→ **WHAT IS REQUIRED**: Your task is to work out how many lines in the data include the word "itself". Reply with the number alone.

→ **Stored data entries**:
*****
(* Let \((Q, \preccurlyeq_{Q})\) be a totally ordered set having a smallest element and satisfying \(|Q| > 1\). Then the following conditions are equivalent. (i) The order topology of \((Q,\preccurlyeq_Q)\) is separable. (ii) For every \(\preccurlyeq_{Q}\)-pseudoultrametric \(d\) there is a \(\preccurlyeq_{\mathbb{R}_{0}}\)-pseudoultrametric \(\rho\) such that \(d\) and \(\rho\) are weakly similar. (iii) For every \(\preccurlyeq_{Q}\)-pseudoultrametric \(d\) there is a \(\preccurlyeq_{\mathbb{R}_{0}}\)-pseudoultrametric \(\rho\) such that \(d\) and \(\rho\) are combinatorially similar.
   Context: \(\mathbb{R}_0:=[0,\infty)\times\{0,1\}\) with the lexicographic linear order: \(\langle a,b\rangle\preccurlyeq_{\mathbb{R}_0}\langle c,e\rangle\) iff \(a<c\), or \(a=c\) and \(b\le e\); its smallest element is \(\langle 0,0\rangle\). The order topology on a totally ordered \((Q,\preccurlyeq_Q)\) is the topology with subbase consisting of all sets \(\{q: q\prec_Q a\}\) and \(\{q: a\prec_Q q\}\), \(a\in Q\); a space is separable if it has a countable subset meeting every nonempty open set. For a poset \((P,\preccurlyeq_P)\) with smallest element \(p_0\), \(d\colon X^2\to P\) (\(X\) nonempty) is a \(\preccurlyeq_P\)-pseudoultrametric if \(d\) is symmetric, \(d(x,x)=p_0\) for all \(x\), and for every triple \(\langle x_1,x_2,x_3\rangle\) in \(X\) there is a permutation \((i_1,i_2,i_3)\) of \((1,2,3)\) with \(d(x_{i_1},x_{i_3})\preccurlyeq_P d(x_{i_1},x_{i_2})=d(x_{i_2},x_{i_3})\). For a \(\preccurlyeq_Q\)-pseudoultrametric \(d\) on \(X\) and a \(\preccurlyeq_{\mathbb{R}_0}\)-pseudoultrametric \(\rho\) on \(Y\): they are combinatorially similar if there are bijections \(h\colon X\to Y\), \(f\colon d(X^2)\to\rho(Y^2)\) with \(\rho(h(x),h(y))=f(d(x,y))\) for all \(x,y\in X\); they are weakly similar if this holds with \(f\) an order isomorphism between the subposets \(d(X^2)\subseteq Q\) and \(\rho(Y^2)\subseteq\mathbb{R}_0\). *)

theory Defs
  imports "HOL-Analysis.Analysis"
begin

text \<open>The totally ordered set R_0 = [0,oo) x {0,1}, with {0,1} rendered as bool (False < True),
  and its lexicographic order.\<close>

definition R0 :: "(real \<times> bool) set" where
  "R0 = {p. fst p \<ge> 0}"

definition le_R0 :: "real \<times> bool \<Rightarrow> real \<times> bool \<Rightarrow> bool" where
  "le_R0 p q \<longleftrightarrow> fst p < fst q \<or> (fst p = fst q \<and> snd p \<le> snd q)"

definition order_topology_of :: "'a::linorder topology" where
  "order_topology_of = topology_generated_by ({{q. q < a} | a. True} \<union> {{q. a < q} | a. True})"

definition separable_topology :: "'a topology \<Rightarrow> bool" where
  "separable_topology T \<longleftrightarrow>
     (\<exists>D. countable D \<and> D \<subseteq> topspace T \<and> (\<forall>U. openin T U \<and> U \<noteq> {} \<longrightarrow> D \<inter> U \<noteq> {}))"

definition pseudoultrametric ::
  "('p \<Rightarrow> 'p \<Rightarrow> bool) \<Rightarrow> 'p set \<Rightarrow> 'x set \<Rightarrow> ('x \<Rightarrow> 'x \<Rightarrow> 'p) \<Rightarrow> bool" where
  "pseudoultrametric le P X d \<longleftrightarrow>
     X \<noteq> {} \<and>
     (\<forall>x\<in>X. \<forall>y\<in>X. d x y \<in> P) \<and>
     (\<forall>x\<in>X. \<forall>y\<in>X. d x y = d y x) \<and>
     (\<forall>x\<in>X. \<forall>p\<in>P. le (d x x) p) \<and>
     (\<forall>x1\<in>X. \<forall>x2\<in>X. \<forall>x3\<in>X.
        (le (d x1 x3) (d x1 x2) \<and> d x1 x2 = d x2 x3) \<or>
        (le (d x1 x2) (d x1 x3) \<and> d x1 x3 = d x3 x2) \<or>
        (le (d x2 x3) (d x2 x1) \<and> d x2 x1 = d x1 x3) \<or>
        (le (d x2 x1) (d x2 x3) \<and> d x2 x3 = d x3 x1) \<or>
        (le (d x3 x2) (d x3 x1) \<and> d x3 x1 = d x1 x2) \<or>
        (le (d x3 x1) (d x3 x2) \<and> d x3 x2 = d x2 x1))"

definition comb_similar ::
  "'x set \<Rightarrow> ('x \<Rightarrow> 'x \<Rightarrow> 'q) \<Rightarrow> 'y set \<Rightarrow> ('y \<Rightarrow> 'y \<Rightarrow> 'r) \<Rightarrow> bool" where
  "comb_similar X d Y \<rho> \<longleftrightarrow>
     (\<exists>h f. bij_betw h X Y \<and>
            bij_betw f ((\<lambda>(x, y). d x y) ` (X \<times> X)) ((\<lambda>(x, y). \<rho> x y) ` (Y \<times> Y)) \<and>
            (\<forall>x\<in>X. \<forall>y\<in>X. \<rho> (h x) (h y) = f (d x y)))"

definition weak_similar ::
  "'x set \<Rightarrow> ('x \<Rightarrow> 'x \<Rightarrow> 'q::order) \<Rightarrow> 'y set \<Rightarrow> ('y \<Rightarrow> 'y \<Rightarrow> real \<times> bool) \<Rightarrow> bool" where
  "weak_similar X d Y \<rho> \<longleftrightarrow>
     (\<exists>h f. bij_betw h X Y \<and>
            bij_betw f ((\<lambda>(x, y). d x y) ` (X \<times> X)) ((\<lambda>(x, y). \<rho> x y) ` (Y \<times> Y)) \<and>
            (\<forall>a\<in>(\<lambda>(x, y). d x y) ` (X \<times> X). \<forall>b\<in>(\<lambda>(x, y). d x y) ` (X \<times> X).
               a \<le> b \<longleftrightarrow> le_R0 (f a) (f b)) \<and>
            (\<forall>x\<in>X. \<forall>y\<in>X. \<rho> (h x) (h y) = f (d x y)))"

text \<open>Conditions (ii) and (iii), for pseudoultrametric spaces whose points live in type 'x.\<close>

definition cond_weak :: "'x itself \<Rightarrow> 'q::linorder itself \<Rightarrow> bool" where
  "cond_weak _ _ \<longleftrightarrow>
     (\<forall>(X::'x set) (d::'x \<Rightarrow> 'x \<Rightarrow> 'q). pseudoultrametric (\<le>) UNIV X d \<longrightarrow>
        (\<exists>(Y::'x set) \<rho>. pseudoultrametric le_R0 R0 Y \<rho> \<and> weak_similar X d Y \<rho>))"

definition cond_comb :: "'x itself \<Rightarrow> 'q::linorder itself \<Rightarrow> bool" where
  "cond_comb _ _ \<longleftrightarrow>
     (\<forall>(X::'x set) (d::'x \<Rightarrow> 'x \<Rightarrow> 'q). pseudoultrametric (\<le>) UNIV X d \<longrightarrow>
        (\<exists>(Y::'x set) \<rho>. pseudoultrametric le_R0 R0 Y \<rho> \<and> comb_similar X d Y \<rho>))"

end

theory Submission
  imports Defs
begin

text \<open>If the order topology of \<open>Q\<close> is separable, fix a sequence \<open>e\<close> meeting every nonempty open
  interval. Then \<open>q \<mapsto> (\<Sum>{2\<^sup>-\<^sup>n | e n < q}, some [p, q) misses e)\<close> is an order embedding of \<open>Q\<close>
  into \<open>\<real>\<^sub>0\<close> mapping the least element to \<open>\<langle>0,0\<rangle>\<close>, and composing a \<open>Q\<close>-valued
  pseudoultrametric with it gives a weakly similar \<open>\<real>\<^sub>0\<close>-valued one on the same set.

  Conversely, \<open>d(a, b) = max a b\<close> (for \<open>a \<noteq> b\<close>) is a pseudoultrametric on a copy of \<open>Q\<close> taking
  every value in \<open>Q\<close>. In a combinatorial similarity \<open>f\<close> with an \<open>\<real>\<^sub>0\<close>-valued \<open>\<rho>\<close>, the
  triangle \<open>q\<^sub>0 < a < b\<close> has sides \<open>f a, f b, f b\<close>, and the ultrametric inequality forces
  \<open>f a \<preceq> f b\<close>; so \<open>f\<close> is an injective monotone map \<open>Q \<rightarrow> \<real>\<^sub>0\<close>. Its first coordinate has fibres
  of at most two points, and a countable dense set of \<open>Q\<close> then consists of preimages of rational
  intervals and of the end points of the countably many jumps of \<open>Q\<close> across which the first
  coordinate increases.\<close>

section \<open>Order topology\<close>

lemma finite_if_no_chain3:
  fixes S :: "'a::linorder set"
  assumes "\<And>x y z. x \<in> S \<Longrightarrow> y \<in> S \<Longrightarrow> z \<in> S \<Longrightarrow> x < y \<Longrightarrow> y < z \<Longrightarrow> False"
  shows "finite S"
proof (rule ccontr)
  assume "infinite S"
  then obtain B where B: "finite B" "card B = 3" "B \<subseteq> S"
    using infinite_arbitrarily_large by blast
  define xs where "xs = sorted_list_of_set B"
  have "length xs = 3" "sorted_wrt (<) xs" "set xs = B"
    using B by (simp_all add: xs_def)
  then obtain x y z where "xs = [x, y, z]" "x < y" "y < z"
    by (auto simp: numeral_3_eq_3 length_Suc_conv)
  with assms \<open>set xs = B\<close> \<open>B \<subseteq> S\<close> show False by auto
qed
*****
→ **TASK SOLUTION**: 2